• _DIRECTIONS_
Look below for the line holding "section \<open>Strict monoidal" and the line holding "text \<open>Morphisms live". Transcribe exactly those lines and all lines between them, nothing more.

┌────────

(* If an $A_\infty$-algebra $(A,m_\bullet)$ in a monoidal DG category $\mathcal{A}$ is strongly homotopy unital, then it is H-unital, i.e. its non-augmented bar construction $B^{na}_\infty(A)$ is null-homotopic in the DG category of (bounded above) twisted complexes over $\mathcal{A}$.
   Context: Conventions: monoidal product by juxtaposition, unit object $\mathbb{1}$ (unitors suppressed, so $\mathbb{1}A=A$); juxtaposing a morphism with an object means tensoring with its identity; $\mathrm{id}^j=\mathrm{id}_A^{\otimes j}$. Infinite sums in an ambient DG category containing $\mathcal{A}$ as full monoidal subcategory (e.g. $\mathrm{Mod}\text{-}\mathcal{A}$). Twisted complexes: families $(a_i)_{i\in\mathbb{Z}}$, $\alpha_{ij}\colon a_i\to a_j$ of degree $i-j+1$, $\sum\alpha_{ij}$ an endomorphism of $\bigoplus a_i[-i]$, $(-1)^jd\alpha_{ij}+\sum_k\alpha_{kj}\alpha_{ik}=0$; Hom complexes $\mathrm{Hom}(\bigoplus a_k[-k],\bigoplus b_l[-l])$ with component $f\in\mathrm{Hom}^q(a_k,b_l)$ of degree $q+l-k$ and $df=(-1)^ldf+\sum_m(\beta_{lm}f-(-1)^{q+l-k}f\alpha_{mk})$. $A_\infty$-algebra $(A,m_\bullet)$: $m_i\colon A^i\to A$ of degree $2-i$, $i\ge2$, with $B^{na}_\infty(A)$ (object $A^n$ in degree $1-n$, $n\ge1$; twisted differentials $A^{i+k}\to A^i$ equal to $(-1)^{(i-1)(k+1)}\sum_{j=0}^{i-1}(-1)^{jk}\mathrm{id}^{i-j-1}\otimes m_{k+1}\otimes\mathrm{id}^j$) a twisted complex. Right modules and $\mathrm{Nod}_\infty\text{-}A$: objects $(E,p_\bullet)$, $p_i\colon EA^{i-1}\to E$ of degree $2-i$, with bar construction (objects $EA^n$ in degree $-n$; twisted differentials $EA^{i+k-1}\to EA^{i-1}$ equal to $(-1)^{(i-1)(k+1)}(\sum_{j=0}^{i-2}(-1)^{jk}\mathrm{id}^{i-j-1}\otimes m_{k+1}\otimes\mathrm{id}^j+(-1)^{(i-1)k}p_{k+1}\otimes\mathrm{id}^{i-1})$) a twisted complex; degree $n$ morphisms $f_i\colon EA^{i-1}\to F$ of degree $n-i+1$ with bar construction components $EA^{i+k-1}\to FA^{i-1}$ equal to $(-1)^{n(i-1)}f_{k+1}\otimes\mathrm{id}^{i-1}$; differential and composition computed on bar constructions. Left modules and $A\text{-}\mathrm{Nod}_\infty$ symmetrically: $p_i\colon A^{i-1}E\to E$, twisted differentials $A^{i+k-1}E\to A^{i-1}E$ equal to $(-1)^{(i-1)(k+1)}(\sum_{j=1}^{i-1}(-1)^{jk}\mathrm{id}^{i-j-1}\otimes m_{k+1}\otimes\mathrm{id}^j+\mathrm{id}^{i-1}\otimes p_{k+1})$, morphism bar components $A^{i+k-1}E\to A^{i-1}F$ equal to $(-1)^{(n+k)(i-1)}\mathrm{id}^{i-1}\otimes f_{k+1}$. Free right module on $E$: $(EA,\mathrm{id}_E\otimes m_\bullet)$; similarly free left modules. $\mu_2\colon A^2\to A$ in $\mathrm{Nod}_\infty\text{-}A$ is the morphism of right modules (from the free module $A\cdot A$) with components $(\mu_2)_j=(-1)^{j-1}m_{j+1}\colon A^2A^{j-1}\to A$; in $A\text{-}\mathrm{Nod}_\infty$, $\mu_2$ has components $m_{j+1}\colon A^{j-1}A^2\to A$. Strongly homotopy unital: there exist a closed degree $0$ morphism $\eta\colon\mathbb{1}\to A$ in $\mathcal{A}$, a degree $-1$ endomorphism $h^r_\bullet$ of $A$ in $\mathrm{Nod}_\infty\text{-}A$ and a degree $-1$ endomorphism $h^l_\bullet$ of $A$ in $A\text{-}\mathrm{Nod}_\infty$ with $\mu_2\circ\eta A=\mathrm{id}_A+dh^r_\bullet$ in $\mathrm{Nod}_\infty\text{-}A$ and $\mu_2\circ A\eta=\mathrm{id}_A+dh^l_\bullet$ in $A\text{-}\mathrm{Nod}_\infty$, where $\eta A$ (resp. $A\eta$) is the strict morphism $A\to A^2$ with first component $\eta\otimes\mathrm{id}_A$ (resp. $\mathrm{id}_A\otimes\eta$) and zero higher components. *)

theory Defs
  imports Main
begin

section \<open>Strict monoidal DG categories (Z-linear), given by an untyped morphism carrier\<close>

text \<open>Morphisms live in a common type 'm; hom C a b n is the set of degree-n morphisms a to b.
  Composition cmp C g f means g after f.  Tensor of objects tens, of morphisms tensm.\<close>

record ('o, 'm) mdg =
  hom   :: "'o \<Rightarrow> 'o \<Rightarrow> int \<Rightarrow> 'm set"
  cmp   :: "'m \<Rightarrow> 'm \<Rightarrow> 'm"
  ident :: "'o \<Rightarrow> 'm"
  dif   :: "'m \<Rightarrow> 'm"
  tens  :: "'o \<Rightarrow> 'o \<Rightarrow> 'o"
  tunit :: "'o"
  tensm :: "'m \<Rightarrow> 'm \<Rightarrow> 'm"

definition neg1 :: "int \<Rightarrow> 'm::uminus \<Rightarrow> 'm" where
  "neg1 n x = (if even n then x else - x)"

definition monoidal_dg :: "('o, 'm::ab_group_add) mdg \<Rightarrow> bool" where
  "monoidal_dg C \<longleftrightarrow>
    (\<forall>a b n. 0 \<in> hom C a b n
       \<and> (\<forall>f\<in>hom C a b n. \<forall>g\<in>hom C a b n. f + g \<in> hom C a b n)
       \<and> (\<forall>f\<in>hom C a b n. - f \<in> hom C a b n)) \<and>
    (\<forall>a b c p q. \<forall>g\<in>hom C b c p. \<forall>f\<in>hom C a b q. cmp C g f \<in> hom C a c (p + q)) \<and>
    (\<forall>a b c e p q r. \<forall>h\<in>hom C c e p. \<forall>g\<in>hom C b c q. \<forall>f\<in>hom C a b r.
       cmp C h (cmp C g f) = cmp C (cmp C h g) f) \<and>
    (\<forall>a. ident C a \<in> hom C a a 0) \<and>
    (\<forall>a b n. \<forall>f\<in>hom C a b n. cmp C (ident C b) f = f \<and> cmp C f (ident C a) = f) \<and>
    (\<forall>a b c p q. \<forall>g\<in>hom C b c p. \<forall>g'\<in>hom C b c p. \<forall>f\<in>hom C a b q. \<forall>f'\<in>hom C a b q.
       cmp C (g + g') f = cmp C g f + cmp C g' f \<and> cmp C g (f + f') = cmp C g f + cmp C g f') \<and>
    (\<forall>a b n. \<forall>f\<in>hom C a b n. dif C f \<in> hom C a b (n + 1) \<and> dif C (dif C f) = 0) \<and>
    (\<forall>a b n. \<forall>f\<in>hom C a b n. \<forall>g\<in>hom C a b n. dif C (f + g) = dif C f + dif C g) \<and>
    (\<forall>a. dif C (ident C a) = 0) \<and>
    (\<forall>a b c p q. \<forall>g\<in>hom C b c p. \<forall>f\<in>hom C a b q.
       dif C (cmp C g f) = cmp C (dif C g) f + neg1 p (cmp C g (dif C f))) \<and>
    (\<forall>a b c. tens C (tens C a b) c = tens C a (tens C b c)) \<and>
    (\<forall>a. tens C (tunit C) a = a \<and> tens C a (tunit C) = a) \<and>
    (\<forall>a b c d p q. \<forall>f\<in>hom C a b p. \<forall>g\<in>hom C c d q.
       tensm C f g \<in> hom C (tens C a c) (tens C b d) (p + q)) \<and>
    (\<forall>a b c d e g p q r. \<forall>f1\<in>hom C a b p. \<forall>f2\<in>hom C c d q. \<forall>f3\<in>hom C e g r.
       tensm C (tensm C f1 f2) f3 = tensm C f1 (tensm C f2 f3)) \<and>
    (\<forall>a b n. \<forall>f\<in>hom C a b n.
       tensm C (ident C (tunit C)) f = f \<and> tensm C f (ident C (tunit C)) = f) \<and>
    (\<forall>a b. tensm C (ident C a) (ident C b) = ident C (tens C a b)) \<and>
    (\<forall>a b c d p q. \<forall>f\<in>hom C a b p. \<forall>f'\<in>hom C a b p. \<forall>g\<in>hom C c d q. \<forall>g'\<in>hom C c d q.
       tensm C (f + f') g = tensm C f g + tensm C f' g \<and> tensm C f (g + g') = tensm C f g + tensm C f g') \<and>
    (\<forall>a a' b c c' d p q r s. \<forall>f\<in>hom C a b p. \<forall>g\<in>hom C c d q. \<forall>f'\<in>hom C a' a r. \<forall>g'\<in>hom C c' c s.
       cmp C (tensm C f g) (tensm C f' g') = neg1 (q * r) (tensm C (cmp C f f') (cmp C g g'))) \<and>
    (\<forall>a b c d p q. \<forall>f\<in>hom C a b p. \<forall>g\<in>hom C c d q.
       dif C (tensm C f g) = tensm C (dif C f) g + neg1 p (tensm C f (dif C g)))"

primrec opow :: "('o, 'm) mdg \<Rightarrow> 'o \<Rightarrow> nat \<Rightarrow> 'o" where
  "opow C A 0 = tunit C"
| "opow C A (Suc n) = tens C A (opow C A n)"

definition idp :: "('o, 'm) mdg \<Rightarrow> 'o \<Rightarrow> nat \<Rightarrow> 'm" where
  "idp C A n = ident C (opow C A n)"

section \<open>Twisted complexes (matrices indexed by positions in an index set I)\<close>

definition fsum :: "('i \<Rightarrow> 'm::comm_monoid_add) \<Rightarrow> 'm" where
  "fsum g = sum g {x. g x \<noteq> 0}"

text \<open>A morphism of total degree n: component k to l lies in Hom^(n+k-l)(a k, b l); row-finite
  (maps out of a summand land in finitely many summands of the target sum).\<close>
definition tw_mor :: "('o, 'm::zero) mdg \<Rightarrow> int set \<Rightarrow> int set \<Rightarrow> (int \<Rightarrow> 'o) \<Rightarrow> (int \<Rightarrow> 'o)
    \<Rightarrow> int \<Rightarrow> (int \<Rightarrow> int \<Rightarrow> 'm) \<Rightarrow> bool" where
  "tw_mor C I J a b n f \<longleftrightarrow>
     (\<forall>k l. if k \<in> I \<and> l \<in> J then f k l \<in> hom C (a k) (b l) (n + k - l) else f k l = 0) \<and>
     (\<forall>k. finite {l. f k l \<noteq> 0})"

definition tw_comp :: "('o, 'm::ab_group_add) mdg \<Rightarrow> (int \<Rightarrow> int \<Rightarrow> 'm) \<Rightarrow> (int \<Rightarrow> int \<Rightarrow> 'm)
    \<Rightarrow> int \<Rightarrow> int \<Rightarrow> 'm" where
  "tw_comp C g f = (\<lambda>k l. fsum (\<lambda>m. cmp C (g m l) (f k m)))"

definition tw_d :: "('o, 'm::ab_group_add) mdg \<Rightarrow> (int \<Rightarrow> int \<Rightarrow> 'm) \<Rightarrow> (int \<Rightarrow> int \<Rightarrow> 'm)
    \<Rightarrow> int \<Rightarrow> (int \<Rightarrow> int \<Rightarrow> 'm) \<Rightarrow> int \<Rightarrow> int \<Rightarrow> 'm" where
  "tw_d C \<alpha> \<beta> n f = (\<lambda>k l. neg1 l (dif C (f k l)) + fsum (\<lambda>m. cmp C (\<beta> m l) (f k m))
                          - neg1 n (fsum (\<lambda>m. cmp C (f m l) (\<alpha> k m))))"

definition tw_id :: "('o, 'm::zero) mdg \<Rightarrow> int set \<Rightarrow> (int \<Rightarrow> 'o) \<Rightarrow> int \<Rightarrow> int \<Rightarrow> 'm" where
  "tw_id C I a = (\<lambda>k l. if k = l \<and> k \<in> I then ident C (a k) else 0)"

definition tw_complex :: "('o, 'm::ab_group_add) mdg \<Rightarrow> int set \<Rightarrow> (int \<Rightarrow> 'o)
    \<Rightarrow> (int \<Rightarrow> int \<Rightarrow> 'm) \<Rightarrow> bool" where
  "tw_complex C I a \<alpha> \<longleftrightarrow> tw_mor C I I a a 1 \<alpha> \<and>
     (\<forall>i\<in>I. \<forall>j\<in>I. neg1 j (dif C (\<alpha> i j)) + fsum (\<lambda>k. cmp C (\<alpha> k j) (\<alpha> i k)) = 0)"

definition tw_null_homotopic :: "('o, 'm::ab_group_add) mdg \<Rightarrow> int set \<Rightarrow> (int \<Rightarrow> 'o)
    \<Rightarrow> (int \<Rightarrow> int \<Rightarrow> 'm) \<Rightarrow> bool" where
  "tw_null_homotopic C I a \<alpha> \<longleftrightarrow>
     (\<exists>H. tw_mor C I I a a (-1) H \<and> tw_d C \<alpha> \<alpha> (-1) H = tw_id C I a)"

section \<open>A-infinity algebras and the non-augmented bar construction\<close>

text \<open>Position p \<le> 0 carries A^(1-p) (degree 1-n for A^n).  Differential from A^(i+k)
  (position 1-i-k) to A^i (position 1-i).\<close>
definition bar_obj :: "('o, 'm) mdg \<Rightarrow> 'o \<Rightarrow> int \<Rightarrow> 'o" where
  "bar_obj C A = (\<lambda>p. opow C A (nat (1 - p)))"

definition bar_alg :: "('o, 'm::ab_group_add) mdg \<Rightarrow> 'o \<Rightarrow> (nat \<Rightarrow> 'm) \<Rightarrow> int \<Rightarrow> int \<Rightarrow> 'm" where
  "bar_alg C A m = (\<lambda>p q. if p < q \<and> q \<le> 0 then
      (let i = nat (1 - q); k = nat (q - p) in
        neg1 (int ((i - 1) * (k + 1)))
          (\<Sum>j<i. neg1 (int (j * k)) (tensm C (idp C A (i - j - 1)) (tensm C (m (k + 1)) (idp C A j)))))
      else 0)"

definition ainf_alg :: "('o, 'm::ab_group_add) mdg \<Rightarrow> 'o \<Rightarrow> (nat \<Rightarrow> 'm) \<Rightarrow> bool" where
  "ainf_alg C A m \<longleftrightarrow> (\<forall>i\<ge>2. m i \<in> hom C (opow C A i) A (2 - int i)) \<and>
     tw_complex C {p. p \<le> 0} (bar_obj C A) (bar_alg C A m)"

section \<open>Right and left A-infinity modules (Nod_\<infinity>-A, A-Nod_\<infinity>)\<close>

text \<open>Bar construction of a right module (E,pE): position p \<le> 0 carries E A^(-p);
  differential from E A^(i+k-1) to E A^(i-1).\<close>
definition rmod_bar :: "('o, 'm::ab_group_add) mdg \<Rightarrow> 'o \<Rightarrow> (nat \<Rightarrow> 'm) \<Rightarrow> 'o \<Rightarrow> (nat \<Rightarrow> 'm)
    \<Rightarrow> int \<Rightarrow> int \<Rightarrow> 'm" where
  "rmod_bar C A m E pE = (\<lambda>p q. if p < q \<and> q \<le> 0 then
      (let i = nat (1 - q); k = nat (q - p) in
        neg1 (int ((i - 1) * (k + 1)))
          ((\<Sum>j<i - 1. neg1 (int (j * k))
              (tensm C (tensm C (ident C E) (idp C A (i - j - 2))) (tensm C (m (k + 1)) (idp C A j))))
           + neg1 (int ((i - 1) * k)) (tensm C (pE (k + 1)) (idp C A (i - 1)))))
      else 0)"

text \<open>Bar construction of a degree-n right module morphism: E A^(i+k-1) to F A^(i-1).\<close>
definition rbar :: "('o, 'm::ab_group_add) mdg \<Rightarrow> 'o \<Rightarrow> int \<Rightarrow> (nat \<Rightarrow> 'm) \<Rightarrow> int \<Rightarrow> int \<Rightarrow> 'm" where
  "rbar C A n f = (\<lambda>p q. if p \<le> q \<and> q \<le> 0 then
      (let i = nat (1 - q); k = nat (q - p) in
        neg1 (n * int (i - 1)) (tensm C (f (k + 1)) (idp C A (i - 1))))
      else 0)"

└────────

• _OUTPUT OF THE TASK_
section \<open>Strict monoidal DG categories (Z-linear), given by an untyped morphism carrier\<close>

text \<open>Morphisms live in a common type 'm; hom C a b n is the set of degree-n morphisms a to b.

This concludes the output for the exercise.